* **What the task asks**
Go through the data from its first line and retype each line, stopping once the line containing "using A lA that" has been retyped.

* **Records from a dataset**
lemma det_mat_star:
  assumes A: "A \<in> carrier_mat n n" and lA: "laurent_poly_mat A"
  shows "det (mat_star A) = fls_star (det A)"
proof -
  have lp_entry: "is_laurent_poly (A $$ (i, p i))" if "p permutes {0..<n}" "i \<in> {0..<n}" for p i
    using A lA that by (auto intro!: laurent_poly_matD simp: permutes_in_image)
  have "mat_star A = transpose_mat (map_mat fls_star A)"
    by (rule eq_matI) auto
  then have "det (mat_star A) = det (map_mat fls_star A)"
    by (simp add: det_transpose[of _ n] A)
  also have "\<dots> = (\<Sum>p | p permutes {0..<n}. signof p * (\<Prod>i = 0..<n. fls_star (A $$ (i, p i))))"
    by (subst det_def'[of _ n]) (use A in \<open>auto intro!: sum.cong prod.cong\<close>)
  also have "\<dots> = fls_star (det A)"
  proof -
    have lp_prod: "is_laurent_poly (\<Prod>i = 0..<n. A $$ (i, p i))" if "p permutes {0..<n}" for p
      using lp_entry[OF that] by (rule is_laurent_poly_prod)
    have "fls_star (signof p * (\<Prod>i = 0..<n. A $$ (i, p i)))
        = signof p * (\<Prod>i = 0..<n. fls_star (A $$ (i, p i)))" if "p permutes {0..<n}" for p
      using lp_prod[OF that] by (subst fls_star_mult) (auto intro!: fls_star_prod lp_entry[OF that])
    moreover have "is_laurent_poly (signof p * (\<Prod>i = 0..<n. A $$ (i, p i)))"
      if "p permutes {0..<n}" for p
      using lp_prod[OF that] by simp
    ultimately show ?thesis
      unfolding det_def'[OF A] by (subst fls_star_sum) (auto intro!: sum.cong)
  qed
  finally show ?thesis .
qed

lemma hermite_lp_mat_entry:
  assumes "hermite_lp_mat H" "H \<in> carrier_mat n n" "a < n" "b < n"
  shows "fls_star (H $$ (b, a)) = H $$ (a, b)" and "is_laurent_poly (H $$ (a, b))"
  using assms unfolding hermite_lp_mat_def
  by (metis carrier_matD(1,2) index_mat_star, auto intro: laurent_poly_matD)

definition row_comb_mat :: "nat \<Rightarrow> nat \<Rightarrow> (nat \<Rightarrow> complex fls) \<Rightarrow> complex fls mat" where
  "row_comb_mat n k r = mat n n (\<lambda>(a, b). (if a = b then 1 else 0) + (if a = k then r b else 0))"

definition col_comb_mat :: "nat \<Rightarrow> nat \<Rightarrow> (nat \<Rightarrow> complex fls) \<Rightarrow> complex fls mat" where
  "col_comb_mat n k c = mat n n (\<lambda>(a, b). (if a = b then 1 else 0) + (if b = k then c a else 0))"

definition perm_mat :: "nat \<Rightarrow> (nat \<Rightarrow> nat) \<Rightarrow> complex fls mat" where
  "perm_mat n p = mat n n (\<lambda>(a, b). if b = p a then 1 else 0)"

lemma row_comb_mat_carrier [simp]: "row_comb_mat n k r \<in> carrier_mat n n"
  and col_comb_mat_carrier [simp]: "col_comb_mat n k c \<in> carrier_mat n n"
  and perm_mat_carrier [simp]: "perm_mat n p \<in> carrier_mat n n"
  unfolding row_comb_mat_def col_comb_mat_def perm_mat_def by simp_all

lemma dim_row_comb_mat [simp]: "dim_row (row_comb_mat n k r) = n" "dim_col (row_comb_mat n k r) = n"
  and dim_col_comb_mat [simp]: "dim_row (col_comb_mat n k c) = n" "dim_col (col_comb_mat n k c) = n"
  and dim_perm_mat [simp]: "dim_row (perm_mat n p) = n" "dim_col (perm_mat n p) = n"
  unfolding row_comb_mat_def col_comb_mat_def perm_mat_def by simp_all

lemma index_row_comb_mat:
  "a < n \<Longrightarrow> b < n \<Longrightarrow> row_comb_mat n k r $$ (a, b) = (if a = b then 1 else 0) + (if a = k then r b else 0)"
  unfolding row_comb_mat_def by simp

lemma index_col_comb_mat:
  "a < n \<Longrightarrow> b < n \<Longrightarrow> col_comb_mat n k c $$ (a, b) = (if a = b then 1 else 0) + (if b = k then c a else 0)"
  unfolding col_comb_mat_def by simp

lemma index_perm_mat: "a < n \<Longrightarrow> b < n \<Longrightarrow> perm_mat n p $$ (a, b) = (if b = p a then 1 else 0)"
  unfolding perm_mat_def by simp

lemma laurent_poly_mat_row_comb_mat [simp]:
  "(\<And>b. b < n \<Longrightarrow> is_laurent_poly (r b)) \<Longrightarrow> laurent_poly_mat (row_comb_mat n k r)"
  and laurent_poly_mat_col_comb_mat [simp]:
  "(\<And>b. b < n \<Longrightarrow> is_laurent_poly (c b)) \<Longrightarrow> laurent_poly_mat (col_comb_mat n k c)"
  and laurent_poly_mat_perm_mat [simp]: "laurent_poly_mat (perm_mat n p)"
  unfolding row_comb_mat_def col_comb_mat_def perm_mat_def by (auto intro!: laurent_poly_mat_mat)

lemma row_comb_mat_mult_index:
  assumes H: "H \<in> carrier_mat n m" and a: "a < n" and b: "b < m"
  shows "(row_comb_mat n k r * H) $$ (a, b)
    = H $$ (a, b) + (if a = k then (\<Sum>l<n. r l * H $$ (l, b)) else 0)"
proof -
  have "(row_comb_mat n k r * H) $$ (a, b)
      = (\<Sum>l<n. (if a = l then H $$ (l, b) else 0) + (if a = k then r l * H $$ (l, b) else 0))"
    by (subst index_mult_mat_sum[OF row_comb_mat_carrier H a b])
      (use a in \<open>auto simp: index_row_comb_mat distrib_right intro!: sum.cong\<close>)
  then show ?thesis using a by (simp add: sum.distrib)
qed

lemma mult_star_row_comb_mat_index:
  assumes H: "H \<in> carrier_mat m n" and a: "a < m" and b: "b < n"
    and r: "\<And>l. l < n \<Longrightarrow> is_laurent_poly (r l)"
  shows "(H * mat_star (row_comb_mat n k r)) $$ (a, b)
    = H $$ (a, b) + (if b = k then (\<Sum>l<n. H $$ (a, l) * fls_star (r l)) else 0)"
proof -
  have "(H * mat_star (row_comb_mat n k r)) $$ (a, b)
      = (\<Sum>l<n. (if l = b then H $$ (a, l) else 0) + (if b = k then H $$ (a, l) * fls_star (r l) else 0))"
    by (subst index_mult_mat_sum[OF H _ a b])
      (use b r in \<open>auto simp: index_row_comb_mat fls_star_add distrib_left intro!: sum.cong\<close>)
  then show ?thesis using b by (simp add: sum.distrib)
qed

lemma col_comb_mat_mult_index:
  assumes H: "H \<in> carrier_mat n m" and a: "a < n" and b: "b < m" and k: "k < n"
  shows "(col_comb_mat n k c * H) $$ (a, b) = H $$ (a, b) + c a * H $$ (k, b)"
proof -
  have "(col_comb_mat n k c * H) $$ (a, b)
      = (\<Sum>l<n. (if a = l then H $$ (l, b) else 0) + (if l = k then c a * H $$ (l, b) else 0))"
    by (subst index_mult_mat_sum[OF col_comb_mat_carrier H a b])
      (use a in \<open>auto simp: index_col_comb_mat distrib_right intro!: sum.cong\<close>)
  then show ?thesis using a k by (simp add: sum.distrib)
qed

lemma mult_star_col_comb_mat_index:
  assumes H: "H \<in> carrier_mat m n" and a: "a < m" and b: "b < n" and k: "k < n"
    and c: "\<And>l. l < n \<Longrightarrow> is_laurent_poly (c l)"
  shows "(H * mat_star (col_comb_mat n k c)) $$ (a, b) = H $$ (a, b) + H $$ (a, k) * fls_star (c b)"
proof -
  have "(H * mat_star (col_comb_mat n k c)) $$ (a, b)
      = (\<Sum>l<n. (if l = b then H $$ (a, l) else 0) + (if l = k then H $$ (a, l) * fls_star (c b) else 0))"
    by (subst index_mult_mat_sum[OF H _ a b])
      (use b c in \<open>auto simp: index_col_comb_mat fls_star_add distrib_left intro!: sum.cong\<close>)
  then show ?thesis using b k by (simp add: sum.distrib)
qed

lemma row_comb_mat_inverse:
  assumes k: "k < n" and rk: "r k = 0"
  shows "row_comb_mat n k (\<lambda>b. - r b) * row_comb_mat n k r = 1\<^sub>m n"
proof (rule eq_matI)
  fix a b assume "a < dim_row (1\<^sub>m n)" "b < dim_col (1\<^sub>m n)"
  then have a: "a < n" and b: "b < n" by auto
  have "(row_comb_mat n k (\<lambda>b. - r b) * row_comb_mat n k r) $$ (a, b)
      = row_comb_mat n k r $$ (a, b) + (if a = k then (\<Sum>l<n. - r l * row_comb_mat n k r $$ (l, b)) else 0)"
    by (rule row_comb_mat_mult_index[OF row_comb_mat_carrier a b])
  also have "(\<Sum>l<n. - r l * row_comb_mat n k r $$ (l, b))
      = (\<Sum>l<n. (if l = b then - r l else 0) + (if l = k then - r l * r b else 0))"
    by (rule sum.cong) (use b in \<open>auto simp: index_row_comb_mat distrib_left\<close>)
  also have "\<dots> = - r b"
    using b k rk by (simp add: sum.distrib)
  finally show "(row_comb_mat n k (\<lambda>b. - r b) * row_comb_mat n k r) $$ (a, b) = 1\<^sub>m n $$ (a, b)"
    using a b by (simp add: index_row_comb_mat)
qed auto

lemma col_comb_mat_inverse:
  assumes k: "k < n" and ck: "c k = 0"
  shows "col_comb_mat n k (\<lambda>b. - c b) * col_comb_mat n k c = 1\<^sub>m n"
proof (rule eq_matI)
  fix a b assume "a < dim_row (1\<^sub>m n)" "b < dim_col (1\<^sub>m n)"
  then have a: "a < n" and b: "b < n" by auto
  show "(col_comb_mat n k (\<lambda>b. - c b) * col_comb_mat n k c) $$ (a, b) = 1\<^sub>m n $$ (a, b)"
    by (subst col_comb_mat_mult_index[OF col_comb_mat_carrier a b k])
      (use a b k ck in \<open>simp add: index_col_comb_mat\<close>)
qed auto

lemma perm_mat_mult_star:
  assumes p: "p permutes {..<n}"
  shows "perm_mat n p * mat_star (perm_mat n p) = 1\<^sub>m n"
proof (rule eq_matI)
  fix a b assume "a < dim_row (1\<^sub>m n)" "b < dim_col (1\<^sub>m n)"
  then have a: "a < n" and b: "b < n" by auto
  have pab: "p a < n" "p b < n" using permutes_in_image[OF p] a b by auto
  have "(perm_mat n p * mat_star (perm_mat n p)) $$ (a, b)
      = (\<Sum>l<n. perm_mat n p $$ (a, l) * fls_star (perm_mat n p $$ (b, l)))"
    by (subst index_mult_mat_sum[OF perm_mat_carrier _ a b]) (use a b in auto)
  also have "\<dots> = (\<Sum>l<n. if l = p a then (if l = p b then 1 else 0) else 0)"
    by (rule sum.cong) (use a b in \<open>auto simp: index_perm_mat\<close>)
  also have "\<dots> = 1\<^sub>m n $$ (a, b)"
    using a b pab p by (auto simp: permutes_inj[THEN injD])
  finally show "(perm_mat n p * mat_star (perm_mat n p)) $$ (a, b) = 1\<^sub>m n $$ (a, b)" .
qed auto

* **Solution to the exercise**
lemma det_mat_star:
  assumes A: "A \<in> carrier_mat n n" and lA: "laurent_poly_mat A"
  shows "det (mat_star A) = fls_star (det A)"
proof -
  have lp_entry: "is_laurent_poly (A $$ (i, p i))" if "p permutes {0..<n}" "i \<in> {0..<n}" for p i
    using A lA that by (auto intro!: laurent_poly_matD simp: permutes_in_image)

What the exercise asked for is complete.